UC3842 is a relatively ideal new type of pulse width modulator, so the switching power supply circuit control chip uses UC3842. Compared with the voltage-controlled pulse width modulation switching power supply, the switching power supply composed of this integrated circuit has the following characteristics: 1) fine-tuned oscillator discharge current, which can accurately control the duty cycle; 2) current mode operation up to 500kHz; 3) automatic feedforward compensation; 4) latched pulse width modulation, which can limit the current cycle by cycle; 5) internal fine-tuned reference voltage with undervoltage lockout; 6) large current totem pole output; 7) undervoltage lockout with hysteresis; 8) low startup and operating current.

TL431 is called an adjustable precision shunt regulator. It can set any reference voltage value in the range of 2.5V~36V by using two external resistors. Its working principle is that when the output voltage U0 fluctuates, the sampled voltage obtained after the resistor voltage division is compared with the 2.5V bandgap reference voltage in TL431, and an error voltage is formed at the cathode, so that the working current of the light-emitting diode changes accordingly, and then the control terminal current Ic is changed by the optical coupler, and the output duty cycle of the switch tube is adjusted to keep the output voltage U0 unchanged, thereby achieving the purpose of voltage stabilization.

2. Design of charging and discharging circuit

As shown in Figure 2, the charge and discharge process in this design is mainly completed by two P-channel field effect transistors IRF9540N. Q2 controls the charging process of the system, and Q3 mainly controls the discharge pulse.

3. Collection part

There is a 12-bit precision AD conversion module ADC12 in MSP430F149. ADC12 can convert one of 8 external analog signals or one of 4 internal voltages.
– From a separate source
(* Let $C_1$ and $C_2$ be finite order SISO deterministic programs, both with uniformly distributed secret input, with output distribution vectors $\mathbf{p}_N$ and $\mathbf{p}'_N$ and output sets $\mathcal{O}_N$ and $\mathcal{O}'_N$ respectively. Assume $|\mathcal{O}'_N|\ge 2$ for all sufficiently large $N$. For $\alpha\in(0,\infty]$ let $$f_\alpha=\limsup_{N\to\infty}\frac{IL_\alpha(C_1,N)}{IL_\alpha(C_2,N)},\qquad g_\alpha=\liminf_{N\to\infty}\frac{IL_\alpha(C_1,N)}{IL_\alpha(C_2,N)}.$$ Then, with $\alpha,\beta$ ranging over $(0,\infty]$: 1. (a) $f_\alpha=0$ for some $\alpha$ if and only if $f_\beta=0$ for all $\beta$. (b) $f_\alpha=\infty$ for some $\alpha$ if and only if $f_\beta=\infty$ for all $\beta$. (c) $0<f_\alpha<\infty$ for some $\alpha$ if and only if $0<f_\beta<\infty$ for all $\beta$. 2. (a) $g_\alpha=0$ for some $\alpha$ if and only if $g_\beta=0$ for all $\beta$. (b) $g_\alpha=\infty$ for some $\alpha$ if and only if $g_\beta=\infty$ for all $\beta$. (c) $0<g_\alpha<\infty$ for some $\alpha$ if and only if $0<g_\beta<\infty$ for all $\beta$.
   Context: A SISO deterministic program $C$ is a family indexed by $N\in\mathbb{N}^+$: for each $N$, a random variable $A$ uniformly distributed on $\mathcal{A}_N=\{0,1,\dots,N-1\}$, and a surjective map $F_N$ from $\mathcal{A}_N$ onto a finite set $\mathcal{O}_N$. The output is $O=F_N(A)$, and $\mathbf{p}_N$ denotes its distribution vector, so $\mathbf{p}_N(o)=|F_N^{-1}(o)|/N$. $C$ is of finite order if $\sup_N\|\mathbf{p}_N\|_0<\infty$, where $\|\mathbf{p}\|_0$ is the number of nonzero entries of $\mathbf{p}$. For a probability vector $\mathbf{p}$ and $\alpha\in(0,\infty]$, the Rényi entropy is $H_\alpha(\mathbf{p})=\frac{1}{1-\alpha}\log\sum_i p_i^\alpha$ for $\alpha\notin\{1,\infty\}$. The limiting cases are $H_1(\mathbf{p})=-\sum_i p_i\log p_i$ and $H_\infty(\mathbf{p})=-\log\max_i p_i$. The $\alpha$-information leakage is $IL_\alpha(C,N)=H_\alpha(\mathbf{p}_N)$. Both programs are evaluated at the same $N$. *)

theory Defs
  imports "HOL-Analysis.Analysis"
begin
The ADC core converts the analog signal into 12-bit data and stores it in the conversion storage register. The core uses two reference levels, VR+ and VR-, as the upper and lower limits of the conversion range and the range value and "0" value of the reading. The conversion value is full scale when the input signal is greater than or equal to VR+, and is "0" when it is less than or equal to VR-. The battery terminal voltage is divided by two resistors R2 and R6 to limit the microcontroller sampling voltage value AD1 within the input voltage range. The charging current and the discharging current are converted into corresponding voltage values ​​through resistors and sent to the AI ​​port of the microcontroller. The three AD sampling results are stored in the corresponding ADC12MEMx registers respectively.

4. Drive part

After determining the charging status of the charger according to the three-way AD sampling results, the single-chip microcomputer outputs two PWM waveforms PWM1 and PWM2 with adjustable duty cycle and frequency of 1kHz, which are used to control the conduction degree of the two transistors 2N5551 respectively. The collector current of the transistor will be different, and then provide different voltages to the gate of the field effect tube after resistor voltage division, driving MOSFET, outputting drain current Id of varying sizes, and providing the battery with charging current and discharge pulse amplitude of varying sizes, ultimately achieving the effect of pulse charging.